-- Opening Marker --

lemma int_diff_of_same_class:
  assumes "k1 \<in> {j + i * n | i. i \<le> m}" "k2 \<in> {j + i * n | i. i \<le> m}"
  obtains d :: int where "int k1 - int k2 = d * int n" "\<bar>d\<bar> \<le> int m"
proof -
  obtain i1 i2 where "k1 = j + i1 * n" "k2 = j + i2 * n" "i1 \<le> m" "i2 \<le> m"
    using assms by blast
  then have "int k1 - int k2 = (int i1 - int i2) * int n" "\<bar>int i1 - int i2\<bar> \<le> int m"
    by (auto simp: algebra_simps)
  then show ?thesis by (rule that)
qed

lemma not_dvd_int_diff_of_distinct_classes:
  assumes "k1 \<in> {j1 + i * n | i. i \<le> m}" "k2 \<in> {j2 + i * n | i. i \<le> m}"
    and "j1 < n" "j2 < n" "j1 \<noteq> j2"
  shows "\<not> int n dvd int k1 - int k2"
proof
  assume dvd: "int n dvd int k1 - int k2"
  obtain i1 i2 where "k1 = j1 + i1 * n" "k2 = j2 + i2 * n" using assms(1,2) by blast
  then have "int k1 - int k2 = (int j1 - int j2) + (int i1 - int i2) * int n"
    by (simp add: algebra_simps)
  with dvd have "int n dvd int j1 - int j2" by (simp add: dvd_add_left_iff)
  moreover have "int j1 - int j2 \<noteq> 0" "\<bar>int j1 - int j2\<bar> < int n" using assms(3-5) by auto
  ultimately show False using dvd_imp_le_int[of "int j1 - int j2" "int n"] by simp
qed

theorem theorem3p3:
  fixes q :: nat and K :: "'a::{field,finite} set" and \<alpha> g :: 'a
    and N :: nat and M :: "nat set" and Phi :: "nat \<Rightarrow> nat \<Rightarrow> complex" and T :: "nat \<Rightarrow> nat set"
  assumes "\<exists>p k. prime p \<and> k > 0 \<and> q = p ^ k"
    and "card (UNIV :: 'a set) = q ^ 2"
    and "is_subfield K" and "card K = q"
    and "adjoin K \<alpha> = UNIV"
    and "primitive_root g"
  defines "N \<equiv> q ^ 2 - 1"
    and "M \<equiv> (\<lambda>t. dlog g (t - \<alpha>)) ` K"
    and "Phi \<equiv> (\<lambda>k r. fourier N r k / complex_of_real (sqrt (real q + 1)))"
    and "T \<equiv> (\<lambda>j. {j + i * (q - 1) | i. i \<le> q})"
  shows "(\<forall>j \<le> q - 2. \<forall>k1 \<in> T j. \<forall>k2 \<in> T j.
            cinner (M \<union> {0}) (Phi k1) (Phi k2) = (if k1 = k2 then 1 else 0))
       \<and> (\<forall>j1 j2 k1 k2. j1 \<le> q - 2 \<and> j2 \<le> q - 2 \<and> j1 \<noteq> j2 \<and> k1 \<in> T j1 \<and> k2 \<in> T j2 \<longrightarrow>
            (sqrt q - 1) / (q + 1) \<le> cmod (cinner (M \<union> {0}) (Phi k1) (Phi k2))
            \<and> cmod (cinner (M \<union> {0}) (Phi k1) (Phi k2)) \<le> (sqrt q + 1) / (q + 1))"
proof -
  have "K \<noteq> UNIV"
  proof
    assume "K = UNIV"
    then have "q * q = q * 1" using assms(2,4) by (simp add: power2_eq_square)
    with two_le_card_subfield[OF assms(3)] assms(4) show False by simp
  qed
  with notin_subfield_if_adjoin_eq_UNIV[OF assms(3,5)] have "\<alpha> \<notin> K" .
  then interpret quadratic_extension_primitive_root K \<alpha> g
    by unfold_locales (use assms(2-4,6) in simp_all)
  have gram: "cinner (M \<union> {0}) (Phi k1) (Phi k2) = frame_gram k1 k2" for k1 k2
    unfolding frame_gram_def M_def Phi_def N_def assms(4) by (rule refl)
  have "q - 2 < q - 1" using two_le_card_subfield[OF subfield] assms(4) by simp
  show ?thesis
  proof (rule conjI; intro allI impI ballI)
    fix j k1 k2 assume "k1 \<in> T j" "k2 \<in> T j"
    then obtain d where "int k1 - int k2 = d * int (card K - 1)" "\<bar>d\<bar> \<le> int (card K)"
      unfolding T_def assms(4) by (rule int_diff_of_same_class)
    then show "cinner (M \<union> {0}) (Phi k1) (Phi k2) = (if k1 = k2 then 1 else 0)"
      unfolding gram by (rule frame_gram_same_class)
  next
    fix j1 j2 k1 k2 assume "j1 \<le> q - 2 \<and> j2 \<le> q - 2 \<and> j1 \<noteq> j2 \<and> k1 \<in> T j1 \<and> k2 \<in> T j2"
    with \<open>q - 2 < q - 1\<close> have "\<not> int (card K - 1) dvd int k1 - int k2"
      unfolding assms(4) T_def
      by (intro not_dvd_int_diff_of_distinct_classes[of k1 j1 "q - 1" q k2 j2]) auto
    from norm_frame_gram_bounds[OF this]
    show "(sqrt q - 1) / (q + 1) \<le> cmod (cinner (M \<union> {0}) (Phi k1) (Phi k2))
        \<and> cmod (cinner (M \<union> {0}) (Phi k1) (Phi k2)) \<le> (sqrt q + 1) / (q + 1)"
      unfolding gram assms(4) by simp
  qed
qed

end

-- Closing Marker --

Work to complete = Each line above must be retyped exactly in the response.

Answer to this problem =
lemma int_diff_of_same_class:
  assumes "k1 \<in> {j + i * n | i. i \<le> m}" "k2 \<in> {j + i * n | i. i \<le> m}"
  obtains d :: int where "int k1 - int k2 = d * int n" "\<bar>d\<bar> \<le> int m"
proof -
  obtain i1 i2 where "k1 = j + i1 * n" "k2 = j + i2 * n" "i1 \<le> m" "i2 \<le> m"
    using assms by blast
  then have "int k1 - int k2 = (int i1 - int i2) * int n" "\<bar>int i1 - int i2\<bar> \<le> int m"
    by (auto simp: algebra_simps)
  then show ?thesis by (rule that)
qed

lemma not_dvd_int_diff_of_distinct_classes:
  assumes "k1 \<in> {j1 + i * n | i. i \<le> m}" "k2 \<in> {j2 + i * n | i. i \<le> m}"
    and "j1 < n" "j2 < n" "j1 \<noteq> j2"
  shows "\<not> int n dvd int k1 - int k2"
proof
  assume dvd: "int n dvd int k1 - int k2"
  obtain i1 i2 where "k1 = j1 + i1 * n" "k2 = j2 + i2 * n" using assms(1,2) by blast
  then have "int k1 - int k2 = (int j1 - int j2) + (int i1 - int i2) * int n"
    by (simp add: algebra_simps)
  with dvd have "int n dvd int j1 - int j2" by (simp add: dvd_add_left_iff)
  moreover have "int j1 - int j2 \<noteq> 0" "\<bar>int j1 - int j2\<bar> < int n" using assms(3-5) by auto
  ultimately show False using dvd_imp_le_int[of "int j1 - int j2" "int n"] by simp
qed

theorem theorem3p3:
  fixes q :: nat and K :: "'a::{field,finite} set" and \<alpha> g :: 'a
    and N :: nat and M :: "nat set" and Phi :: "nat \<Rightarrow> nat \<Rightarrow> complex" and T :: "nat \<Rightarrow> nat set"
  assumes "\<exists>p k. prime p \<and> k > 0 \<and> q = p ^ k"
    and "card (UNIV :: 'a set) = q ^ 2"
    and "is_subfield K" and "card K = q"
    and "adjoin K \<alpha> = UNIV"
    and "primitive_root g"
  defines "N \<equiv> q ^ 2 - 1"
    and "M \<equiv> (\<lambda>t. dlog g (t - \<alpha>)) ` K"
    and "Phi \<equiv> (\<lambda>k r. fourier N r k / complex_of_real (sqrt (real q + 1)))"
    and "T \<equiv> (\<lambda>j. {j + i * (q - 1) | i. i \<le> q})"
  shows "(\<forall>j \<le> q - 2. \<forall>k1 \<in> T j. \<forall>k2 \<in> T j.
            cinner (M \<union> {0}) (Phi k1) (Phi k2) = (if k1 = k2 then 1 else 0))
       \<and> (\<forall>j1 j2 k1 k2. j1 \<le> q - 2 \<and> j2 \<le> q - 2 \<and> j1 \<noteq> j2 \<and> k1 \<in> T j1 \<and> k2 \<in> T j2 \<longrightarrow>
            (sqrt q - 1) / (q + 1) \<le> cmod (cinner (M \<union> {0}) (Phi k1) (Phi k2))
            \<and> cmod (cinner (M \<union> {0}) (Phi k1) (Phi k2)) \<le> (sqrt q + 1) / (q + 1))"
proof -
  have "K \<noteq> UNIV"
  proof
    assume "K = UNIV"
    then have "q * q = q * 1" using assms(2,4) by (simp add: power2_eq_square)
    with two_le_card_subfield[OF assms(3)] assms(4) show False by simp
  qed
  with notin_subfield_if_adjoin_eq_UNIV[OF assms(3,5)] have "\<alpha> \<notin> K" .
  then interpret quadratic_extension_primitive_root K \<alpha> g
    by unfold_locales (use assms(2-4,6) in simp_all)
  have gram: "cinner (M \<union> {0}) (Phi k1) (Phi k2) = frame_gram k1 k2" for k1 k2
    unfolding frame_gram_def M_def Phi_def N_def assms(4) by (rule refl)
  have "q - 2 < q - 1" using two_le_card_subfield[OF subfield] assms(4) by simp
  show ?thesis
  proof (rule conjI; intro allI impI ballI)
    fix j k1 k2 assume "k1 \<in> T j" "k2 \<in> T j"
    then obtain d where "int k1 - int k2 = d * int (card K - 1)" "\<bar>d\<bar> \<le> int (card K)"
      unfolding T_def assms(4) by (rule int_diff_of_same_class)
    then show "cinner (M \<union> {0}) (Phi k1) (Phi k2) = (if k1 = k2 then 1 else 0)"
      unfolding gram by (rule frame_gram_same_class)
  next
    fix j1 j2 k1 k2 assume "j1 \<le> q - 2 \<and> j2 \<le> q - 2 \<and> j1 \<noteq> j2 \<and> k1 \<in> T j1 \<and> k2 \<in> T j2"
    with \<open>q - 2 < q - 1\<close> have "\<not> int (card K - 1) dvd int k1 - int k2"
      unfolding assms(4) T_def
      by (intro not_dvd_int_diff_of_distinct_classes[of k1 j1 "q - 1" q k2 j2]) auto
    from norm_frame_gram_bounds[OF this]
    show "(sqrt q - 1) / (q + 1) \<le> cmod (cinner (M \<union> {0}) (Phi k1) (Phi k2))
        \<and> cmod (cinner (M \<union> {0}) (Phi k1) (Phi k2)) \<le> (sqrt q + 1) / (q + 1)"
      unfolding gram assms(4) by simp
  qed
qed

end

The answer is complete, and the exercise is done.